FIG. 7 is a flow chart showing an operation of a tone generation processing routine of the CPU 1 in the embodiment of the present invention.

FIG. 8 is a diagram for explaining the basic idea of the present invention.

[Explanation of symbols]

1 ... CPU, 2 ... Timer, 3 ... ROM, 4 ... R
AM, 5 ... keyboard, 6 ... key interface, 7 ...
Operation panel, 8 ... Panel interface, 9 ... Sound synthesis circuit, 10 ... Sound system.

Claims (1)

[Claims] 1. A keyboard comprising a plurality of keys, a key displacement detecting means for detecting displacement of each of the plurality of keys, and a key for generating an operation speed of each key based on a detection result of the key displacement detecting means. An operation speed generating means, a determining means for determining whether or not the operation speed of each key is higher than a predetermined value, and a plurality of tone generation channels for generating tone signals, and a plurality of tone signals for each tone generation channel.
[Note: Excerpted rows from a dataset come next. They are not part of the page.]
lemma weak_compositions_Suc:
  "bij_betw (\<lambda>k. (k 0, k \<circ> Suc)) (weak_compositions (Suc L) m)
     (SIGMA i:{..m}. weak_compositions L (m - i))"
proof (rule bij_betwI[where g = "\<lambda>(i, k). case_nat i k"])
  show "(\<lambda>k. (k 0, k \<circ> Suc)) \<in> weak_compositions (Suc L) m \<rightarrow> (SIGMA i:{..m}. weak_compositions L (m - i))"
    by (auto simp: weak_compositions_def sum.lessThan_Suc_shift simp del: sum.lessThan_Suc)
  show "(\<lambda>(i, k). case_nat i k) \<in> (SIGMA i:{..m}. weak_compositions L (m - i)) \<rightarrow> weak_compositions (Suc L) m"
    by (auto simp: weak_compositions_def sum.lessThan_Suc_shift simp del: sum.lessThan_Suc split: nat.split)
qed (auto split: nat.split)

lemma hom_sym_Nil [simp]: "hom_sym m [] = (if m = 0 then 1 else 0)"
proof -
  have "weak_compositions 0 m = (if m = 0 then {\<lambda>_. 0} else {})"
    by (auto simp: weak_compositions_def)
  then show ?thesis by (simp add: hom_sym_weak_compositions)
qed

lemma hom_sym_Cons: "hom_sym m (a # xs) = (\<Sum>i\<le>m. a ^ i * hom_sym (m - i) xs)"
proof -
  let ?L = "length xs"
  have "hom_sym m (a # xs) = (\<Sum>k\<in>weak_compositions (Suc ?L) m. a ^ k 0 * (\<Prod>i<?L. xs ! i ^ (k \<circ> Suc) i))"
    by (simp add: hom_sym_weak_compositions prod.lessThan_Suc_shift del: prod.lessThan_Suc)
  also have "\<dots> = (\<Sum>(i, k)\<in>(SIGMA i:{..m}. weak_compositions ?L (m - i)). a ^ i * (\<Prod>j<?L. xs ! j ^ k j))"
    using sum.reindex_bij_betw[OF weak_compositions_Suc, of "\<lambda>(i, k). a ^ i * (\<Prod>j<?L. xs ! j ^ k j)"]
    by simp
  also have "\<dots> = (\<Sum>i\<le>m. a ^ i * hom_sym (m - i) xs)"
    by (simp add: sum.Sigma[symmetric] finite_weak_compositions hom_sym_weak_compositions sum_distrib_left)
  finally show ?thesis .
qed

lemma hom_sym_0 [simp]: "hom_sym 0 xs = 1"
  by (induction xs) (simp_all add: hom_sym_Cons)

lemma hom_sym_singleton: "hom_sym m [a] = a ^ m"
  by (simp add: hom_sym_Cons if_distrib sum.delta' cong: if_cong)

lemma hom_sym_Suc_Cons: "hom_sym (Suc j) (a # xs) = a * hom_sym j (a # xs) + hom_sym (Suc j) xs"
  by (simp add: hom_sym_Cons sum.atMost_Suc_shift sum_distrib_left mult.assoc del: sum.atMost_Suc)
And a key operation speed generating means for allocating the generation of a new musical sound to any of the plurality of sound generation channels of the musical sound generating means based on the judgment result of the judging means. And a control means for instructing the start of the generation of a musical tone signal in the musical tone generating means based on the operation speed of each key and the determination result of the determining means. Sub musical instrument.